A group of art students at the University of Southern California are giving new meaning to the counterculture rallying cry of “turn on, tune in, and drop out”: An entire class of first year students at USC’s Roski School of Art quit the prestigious MFA program last week in protest of changes to the curriculum.
The core of the argument is financial. The students have accused the university of “unethical treatment,” listing, among other organizational and administrative changes, a decrease to the program’s tuition assistance—implemented only after the students matriculated. “[W]e have no idea what MFA faculty we’d be working with for the coming year,” the students said in a statement. “We have no idea what the curriculum would be, other than that it will be different from what it was when we enrolled and is currently being implemented by administrators outside of our field of study; and finally, we have no idea whether we’d graduate with twice the amount of debt we thought we would graduate with.”
To an outside observer with a superficial understanding of art school curriculum (you paint stuff, yes?), the mass protest seems tantamount to whining about a bureaucracy that virtually every college student has to cope with. Besides, with demand for designers and artists on the rise, art graduates aren’t doing that poorly: Despite drastic declines in National Endowment for the Arts funding, the Bureau of Labor Statistics projected in 2011 that jobs in the arts would grow faster than the overall economy. Similarly, a recent survey from the Strategic National Arts Alumni Project suggests that arts degrees are actually paying off, with recent graduates reporting that they had “found meaningful employment, are satisfied with their lives, and are pleased that they chose to go to an arts school.”
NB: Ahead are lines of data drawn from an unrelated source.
(* Let $\delta\in[1/3,1]$, $\alpha>0$ with $\alpha\delta<1$, $\eta_0^{2}=\frac{1+\alpha^{2}}{1+\delta^{2}}$, $0\le B_0\le\sqrt{1-\eta_0^2\delta^2}$, and $\widetilde{A_\ast}=\sqrt{1-(1+\delta^2)B_0^2}$. Define $\lambda_r,\lambda_i\ge0$ by $$2\lambda_r^{2}=\sqrt2\,\widetilde{A_\ast}+\varepsilon^{2}B_0^{2}(1+\delta^{2})^{2},\qquad 2\lambda_i^{2}=\sqrt2\,\widetilde{A_\ast}-\varepsilon^{2}B_0^{2}(1+\delta^{2})^{2}.$$ If $\alpha\ge\frac{10}{3}\varepsilon^2$ and $\varepsilon>0$ is small enough, then $$\lambda_r\lambda_i\ge\frac{\widetilde{A_\ast}}{2},\qquad \frac{\widetilde{A_\ast}^{1/2}}{2^{1/4}}\le\lambda_r\le2^{1/4}\widetilde{A_\ast}^{1/2},\qquad \frac{\widetilde{A_\ast}^{1/2}}{2^{5/4}}\le\lambda_i\le\frac{\widetilde{A_\ast}^{1/2}}{2^{1/4}},$$ while $\widetilde{A_\ast}$ varies from $1$ to $\alpha\delta$ as $B_0$ varies from $0$ to $\sqrt{1-\eta_0^2\delta^2}$.
   Context: The numbers $\lambda_r\pm i\lambda_i$, $-\lambda_r\pm i\lambda_i$ are the nonzero roots of $\lambda^4-2\varepsilon^2B_0^2(1+\delta^2)^2\lambda^2+2\widetilde{A_\ast}^2=0$. *)

theory Defs
  imports Complex_Main
begin

definition Atil :: "real \<Rightarrow> real \<Rightarrow> real" where
  "Atil \<delta> B0 = sqrt (1 - (1 + \<delta>^2) * B0^2)"

end

theory Submission
  imports Defs
begin

text \<open>Atil \<delta> is strictly decreasing on [0, \<infinity>) and takes the values 1 and \<alpha>\<delta> at the
  endpoints of the admissible range of B0, so Atil \<delta> B0 \<ge> \<alpha>\<delta> there. Hence the correction
  c = \<epsilon>^2 B0^2 (1 + \<delta>^2)^2 \<le> \<epsilon>^2 (1 + \<delta>^2) \<le> 10/3 \<epsilon>^2 \<delta> \<le> \<alpha>\<delta> never exceeds
  A = Atil \<delta> B0. Given 0 \<le> c \<le> A, the bounds on lam_r = sqrt ((sqrt 2 A + c) / 2) and
  lam_i = sqrt ((sqrt 2 A - c) / 2) are elementary, and 4 lam_r^2 lam_i^2 = 2 A^2 - c^2 \<ge> A^2.\<close>

lemma Atil_zero [simp]: "Atil \<delta> 0 = 1"
  by (simp add: Atil_def)

lemma continuous_on_Atil: "continuous_on S (Atil \<delta>)"
  unfolding Atil_def by (intro continuous_intros)

lemma Atil_strict_antimono:
  assumes "0 \<le> b1" "b1 < b2"
  shows "Atil \<delta> b2 < Atil \<delta> b1"
proof -
  have "b1^2 < b2^2" using assms by (intro power_strict_mono) auto
  then have "(1 + \<delta>^2) * b1^2 < (1 + \<delta>^2) * b2^2"
    by (intro mult_strict_left_mono) (auto intro: add_pos_nonneg)
  then show ?thesis unfolding Atil_def by (intro real_sqrt_less_mono) linarith
qed

lemma Atil_antimono: "0 \<le> b1 \<Longrightarrow> b1 \<le> b2 \<Longrightarrow> Atil \<delta> b2 \<le> Atil \<delta> b1"
  using Atil_strict_antimono by (cases "b1 = b2") (auto simp: less_le)

lemma Atil_sqrt_inverse:
  fixes a \<delta> :: real
  assumes "0 \<le> a" "a \<le> 1"
  shows "Atil \<delta> (sqrt ((1 - a^2) / (1 + \<delta>^2))) = a"
proof -
  have "0 < 1 + \<delta>^2" by (simp add: add_pos_nonneg)
  moreover have "0 \<le> 1 - a^2" using assms by (simp add: power_le_one)
  ultimately show ?thesis using assms by (simp add: Atil_def)
qed

lemma Atil_ge:
  fixes a \<delta> B :: real
  assumes "0 \<le> a" "a \<le> 1" "0 \<le> B" "B \<le> sqrt ((1 - a^2) / (1 + \<delta>^2))"
  shows "a \<le> Atil \<delta> B"
  using Atil_antimono[OF assms(3,4), of \<delta>] by (simp add: Atil_sqrt_inverse assms(1,2))

lemma one_plus_square_le: "1/3 \<le> (\<delta>::real) \<Longrightarrow> \<delta> \<le> 3 \<Longrightarrow> 1 + \<delta>^2 \<le> 10/3 * \<delta>"
  using mult_nonneg_nonneg[of "3 * \<delta> - 1" "3 - \<delta>"] by (simp add: algebra_simps power2_eq_square)

lemma correction_le_Atil:
  fixes \<epsilon> \<delta> \<alpha> B :: real
  assumes "1/3 \<le> \<delta>" "\<delta> \<le> 3" "0 < \<alpha>" "\<alpha> * \<delta> \<le> 1" "10/3 * \<epsilon>^2 \<le> \<alpha>"
    and "0 \<le> B" "B \<le> sqrt ((1 - (\<alpha> * \<delta>)^2) / (1 + \<delta>^2))"
  shows "\<epsilon>^2 * B^2 * (1 + \<delta>^2)^2 \<le> Atil \<delta> B"
proof -
  have pos: "0 < 1 + \<delta>^2" by (simp add: add_pos_nonneg)
  have "sqrt (B^2) \<le> sqrt ((1 - (\<alpha> * \<delta>)^2) / (1 + \<delta>^2))" using assms(6,7) by simp
  then have "B^2 \<le> (1 - (\<alpha> * \<delta>)^2) / (1 + \<delta>^2)" by (simp only: real_sqrt_le_iff)
  then have "(1 + \<delta>^2) * B^2 \<le> 1 - (\<alpha> * \<delta>)^2"
    using pos by (simp add: pos_le_divide_eq mult.commute)
  then have B_le: "(1 + \<delta>^2) * B^2 \<le> 1" using zero_le_power2[of "\<alpha> * \<delta>"] by linarith
  have "\<epsilon>^2 * B^2 * (1 + \<delta>^2)^2 = \<epsilon>^2 * (1 + \<delta>^2) * ((1 + \<delta>^2) * B^2)"
    by (simp add: power2_eq_square mult_ac)
  also have "\<dots> \<le> \<epsilon>^2 * (1 + \<delta>^2)" using B_le pos by (simp add: mult_left_le)
  also have "\<dots> \<le> \<epsilon>^2 * (10/3 * \<delta>)"
    using one_plus_square_le[OF assms(1,2)] by (rule mult_left_mono) simp
  also have "\<dots> \<le> \<alpha> * \<delta>" using assms(1,5) by (simp add: mult_right_mono)
  also have "\<dots> \<le> Atil \<delta> B" using assms by (intro Atil_ge) auto
  finally show ?thesis .
qed

lemma one_minus_sq_mult_sq_eq:
  fixes \<eta> \<alpha> \<delta> :: real
  assumes "\<eta>^2 = (1 + \<alpha>^2) / (1 + \<delta>^2)"
  shows "1 - \<eta>^2 * \<delta>^2 = (1 - (\<alpha> * \<delta>)^2) / (1 + \<delta>^2)"
proof -
  have "0 < 1 + \<delta>^2" by (simp add: add_pos_nonneg)
  then show ?thesis unfolding assms by (simp add: divide_simps) algebra
qed

lemma two_powr_quarter_sqrt_eqs:
  fixes a :: real
  shows "sqrt a / 2 powr (1/4) = sqrt (sqrt 2 * a / 2)"
    and "2 powr (1/4) * sqrt a = sqrt (sqrt 2 * a)"
    and "sqrt a / 2 powr (5/4) = sqrt (sqrt 2 * a / 8)"
proof -
  have quarter: "(2::real) powr (1/4) = sqrt (sqrt 2)"
    using powr_powr[of "2::real" "1/2" "1/2"] by (simp add: powr_half_sqrt)
  have "(2::real) powr (5/4) = 2 * 2 powr (1/4)" using powr_add[of "2::real" 1 "1/4"] by simp
  then have five_quarters: "(2::real) powr (5/4) = sqrt (4 * sqrt 2)"
    by (simp add: quarter real_sqrt_mult)
  have "a / sqrt 2 = sqrt 2 * a / 2" "a / (4 * sqrt 2) = sqrt 2 * a / 8"
    by (simp_all add: field_simps)
  then show "sqrt a / 2 powr (1/4) = sqrt (sqrt 2 * a / 2)"
    "2 powr (1/4) * sqrt a = sqrt (sqrt 2 * a)"
    "sqrt a / 2 powr (5/4) = sqrt (sqrt 2 * a / 8)"
    unfolding quarter five_quarters by (simp_all flip: real_sqrt_divide real_sqrt_mult)
qed

lemma perturbed_root_bounds:
  fixes A c x y :: real
  assumes c: "0 \<le> c" "c \<le> A" and xy: "0 \<le> x" "0 \<le> y"
    and x2: "2 * x^2 = sqrt 2 * A + c" and y2: "2 * y^2 = sqrt 2 * A - c"
  shows "A / 2 \<le> x * y"
    and "sqrt A / 2 powr (1/4) \<le> x" and "x \<le> 2 powr (1/4) * sqrt A"
    and "sqrt A / 2 powr (5/4) \<le> y" and "y \<le> sqrt A / 2 powr (1/4)"
proof -
  have A: "0 \<le> A" using c by linarith
  have x_eq: "x = sqrt ((sqrt 2 * A + c) / 2)"
    using x2 xy by (metis real_sqrt_unique nonzero_mult_div_cancel_left zero_neq_numeral)
  have y_eq: "y = sqrt ((sqrt 2 * A - c) / 2)"
    using y2 xy by (metis real_sqrt_unique nonzero_mult_div_cancel_left zero_neq_numeral)
  have "A \<le> sqrt 2 * A" using mult_right_mono[of 1 "sqrt 2" A] A by simp
  moreover have "4/3 * A \<le> sqrt 2 * A"
    using A by (intro mult_right_mono real_le_rsqrt) (auto simp: power2_eq_square)
  ultimately have "sqrt 2 * A / 2 \<le> (sqrt 2 * A + c) / 2" "(sqrt 2 * A + c) / 2 \<le> sqrt 2 * A"
    "sqrt 2 * A / 8 \<le> (sqrt 2 * A - c) / 2" "(sqrt 2 * A - c) / 2 \<le> sqrt 2 * A / 2"
    using c by (simp_all add: field_simps)
  then show "sqrt A / 2 powr (1/4) \<le> x" "x \<le> 2 powr (1/4) * sqrt A"
    "sqrt A / 2 powr (5/4) \<le> y" "y \<le> sqrt A / 2 powr (1/4)"
    unfolding x_eq y_eq two_powr_quarter_sqrt_eqs by simp_all
  have "4 * (x * y)^2 = (2 * x^2) * (2 * y^2)" by algebra
  also have "\<dots> = 2 * A^2 - c^2" unfolding x2 y2 by (simp add: algebra_simps power2_eq_square)
  finally have "4 * (x * y)^2 = 2 * A^2 - c^2" .
  moreover have "c^2 \<le> A^2" by (rule power_mono[OF c(2,1)])
  ultimately have "(A / 2)^2 \<le> (x * y)^2" by (simp add: power_divide)
  then show "A / 2 \<le> x * y" by (rule power2_le_imp_le) (use xy in simp)
qed

theorem lemma3:
  shows "\<exists>\<epsilon>0>0. \<forall>\<epsilon> \<delta> \<alpha> \<eta>0 B0 lam_r lam_i :: real.
    0 < \<epsilon> \<and> \<epsilon> < \<epsilon>0 \<and>
    1/3 \<le> \<delta> \<and> \<delta> \<le> 1 \<and> 0 < \<alpha> \<and> \<alpha> * \<delta> < 1 \<and>
    \<eta>0^2 = (1 + \<alpha>^2) / (1 + \<delta>^2) \<and>
    0 \<le> B0 \<and> B0 \<le> sqrt (1 - \<eta>0^2 * \<delta>^2) \<and>
    \<alpha> \<ge> 10/3 * \<epsilon>^2 \<and>
    0 \<le> lam_r \<and> 0 \<le> lam_i \<and>
    2 * lam_r^2 = sqrt 2 * Atil \<delta> B0 + \<epsilon>^2 * B0^2 * (1 + \<delta>^2)^2 \<and>
    2 * lam_i^2 = sqrt 2 * Atil \<delta> B0 - \<epsilon>^2 * B0^2 * (1 + \<delta>^2)^2
    \<longrightarrow>
    lam_r * lam_i \<ge> Atil \<delta> B0 / 2 \<and>
    sqrt (Atil \<delta> B0) / 2 powr (1/4) \<le> lam_r \<and>
    lam_r \<le> 2 powr (1/4) * sqrt (Atil \<delta> B0) \<and>
    sqrt (Atil \<delta> B0) / 2 powr (5/4) \<le> lam_i \<and>
    lam_i \<le> sqrt (Atil \<delta> B0) / 2 powr (1/4) \<and>
    Atil \<delta> 0 = 1 \<and>
    Atil \<delta> (sqrt (1 - \<eta>0^2 * \<delta>^2)) = \<alpha> * \<delta> \<and>
    continuous_on {0 .. sqrt (1 - \<eta>0^2 * \<delta>^2)} (Atil \<delta>) \<and>
    (\<forall>b1 b2. 0 \<le> b1 \<and> b1 < b2 \<and> b2 \<le> sqrt (1 - \<eta>0^2 * \<delta>^2)
       \<longrightarrow> Atil \<delta> b2 < Atil \<delta> b1)"
proof (intro exI[of _ 1] conjI allI impI; (elim conjE)?)
  show "(0::real) < 1" by simp
next
  fix \<epsilon> \<delta> \<alpha> \<eta>0 B0 lam_r lam_i :: real
  assume "0 < \<epsilon>" "\<epsilon> < 1" and \<delta>: "1/3 \<le> \<delta>" "\<delta> \<le> 1" and \<alpha>: "0 < \<alpha>" "\<alpha> * \<delta> < 1"
    and \<eta>0: "\<eta>0^2 = (1 + \<alpha>^2) / (1 + \<delta>^2)"
    and B0: "0 \<le> B0" "B0 \<le> sqrt (1 - \<eta>0^2 * \<delta>^2)" and \<epsilon>: "\<alpha> \<ge> 10/3 * \<epsilon>^2"
    and roots: "0 \<le> lam_r" "0 \<le> lam_i"
      "2 * lam_r^2 = sqrt 2 * Atil \<delta> B0 + \<epsilon>^2 * B0^2 * (1 + \<delta>^2)^2"
      "2 * lam_i^2 = sqrt 2 * Atil \<delta> B0 - \<epsilon>^2 * B0^2 * (1 + \<delta>^2)^2"
  note B0_max = one_minus_sq_mult_sq_eq[OF \<eta>0]
  have "\<epsilon>^2 * B0^2 * (1 + \<delta>^2)^2 \<le> Atil \<delta> B0"
    using \<delta> \<alpha> \<epsilon> B0 unfolding B0_max by (intro correction_le_Atil) auto
  note bounds = perturbed_root_bounds[OF _ this roots]
  show "lam_r * lam_i \<ge> Atil \<delta> B0 / 2"
    "sqrt (Atil \<delta> B0) / 2 powr (1/4) \<le> lam_r" "lam_r \<le> 2 powr (1/4) * sqrt (Atil \<delta> B0)"
    "sqrt (Atil \<delta> B0) / 2 powr (5/4) \<le> lam_i" "lam_i \<le> sqrt (Atil \<delta> B0) / 2 powr (1/4)"
    using bounds by simp_all
  show "Atil \<delta> (sqrt (1 - \<eta>0^2 * \<delta>^2)) = \<alpha> * \<delta>"
    unfolding B0_max using \<delta> \<alpha> by (intro Atil_sqrt_inverse) auto
  show "Atil \<delta> b2 < Atil \<delta> b1"
    if "0 \<le> b1" "b1 < b2" "b2 \<le> sqrt (1 - \<eta>0^2 * \<delta>^2)" for b1 b2
    using that(1,2) by (rule Atil_strict_antimono)
  show "Atil \<delta> 0 = 1" by simp
  show "continuous_on {0 .. sqrt (1 - \<eta>0^2 * \<delta>^2)} (Atil \<delta>)" by (rule continuous_on_Atil)
qed

end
Art may be a vocation to students, but art education is quickly becoming vocational school.
While this may seem like a largely vanilla grad school gripe, there’s also a deep philosophical streak running through this protest. The students are accusing the university of didactic malfeasance, alleging that the school’s administration “did not value the Program’s faculty structure, pedagogy or standing in the arts community.” The core of the protest isn’t about California’s strip-mining of the humanities, but that the idea of art school in our post-recession economy is more fixated on producing marketable job skills rather than nurturing the creative sense. Art may be a vocation to students, but art education is quickly becoming vocational school.
There’s certainly evidence to that claim: Hyperallergic reports that the rebellion comes as the university welcomes the Jimmy Iovine and Andre Young Academy, a $70 million gift from music industry fixtures ostensibly focused on “art, technology, and entrepreneurship” and boasting the techno-utopian promise of “The Degree Is in Disruption.” The establishment of the Academy follows the appointment of new Roski school dean Erica Muhl, a music veteran who “wears other hats at the university,” the Los Angeles Times reports: “Soon after her arrival as dean, Muhl oversaw a name change: from the Roski School of Fine Arts to the Roski School of Art and Design.”
The Academy is a symbol of the academic re-orientation the students are lashing out against. “[F]aculty voices are silenced and adjunct faculty expands, affecting their overall ability to advocate for students,” they write. “We seven students lost time, money, and trust in a classic bait-and-switch, and the larger community lost an exemplary funding model that attempted to rectify at least some of these economic disparities. What we experienced is the true ‘disruption’ of this accelerating trend.”
For these (former) students, the numerical “success” of arts school in the face of economic belt-tightening actually accentuates a pedagogical problem: Economic pressures are forcing arts programs to re-brand themselves toward “entrepreneurship” and “disruption,” rather than the artistic project that elite MFA programs like USC’s are known for. In many ways, the departure of these seven students isn’t simply an indictment of USC’s troubling administrative practices, but of the sad pressures that MFA programs face under economic pressure. The seven certainly see their departure as a call to arms: “A group of seven students,” they write, “is only a tiny part of the larger issues of the corporatization of higher education, the scandal of the economic precarity of adjunct faculty positions, and the looming student-debt bubble.”
Despite growing demand for arts graduates in design firms and even large corporations, diminishing arts funding is forcing humanities programs to focus now on producing marketable, work-ready graduates, rather than encouraging the sort of education process that fosters creativity and encourages the artistic development of its student. Observers may dismiss the actions of the USC seven as a stunt designed to bring the administration to the bargaining table, but the underlying message will likely resonate far beyond the university campus.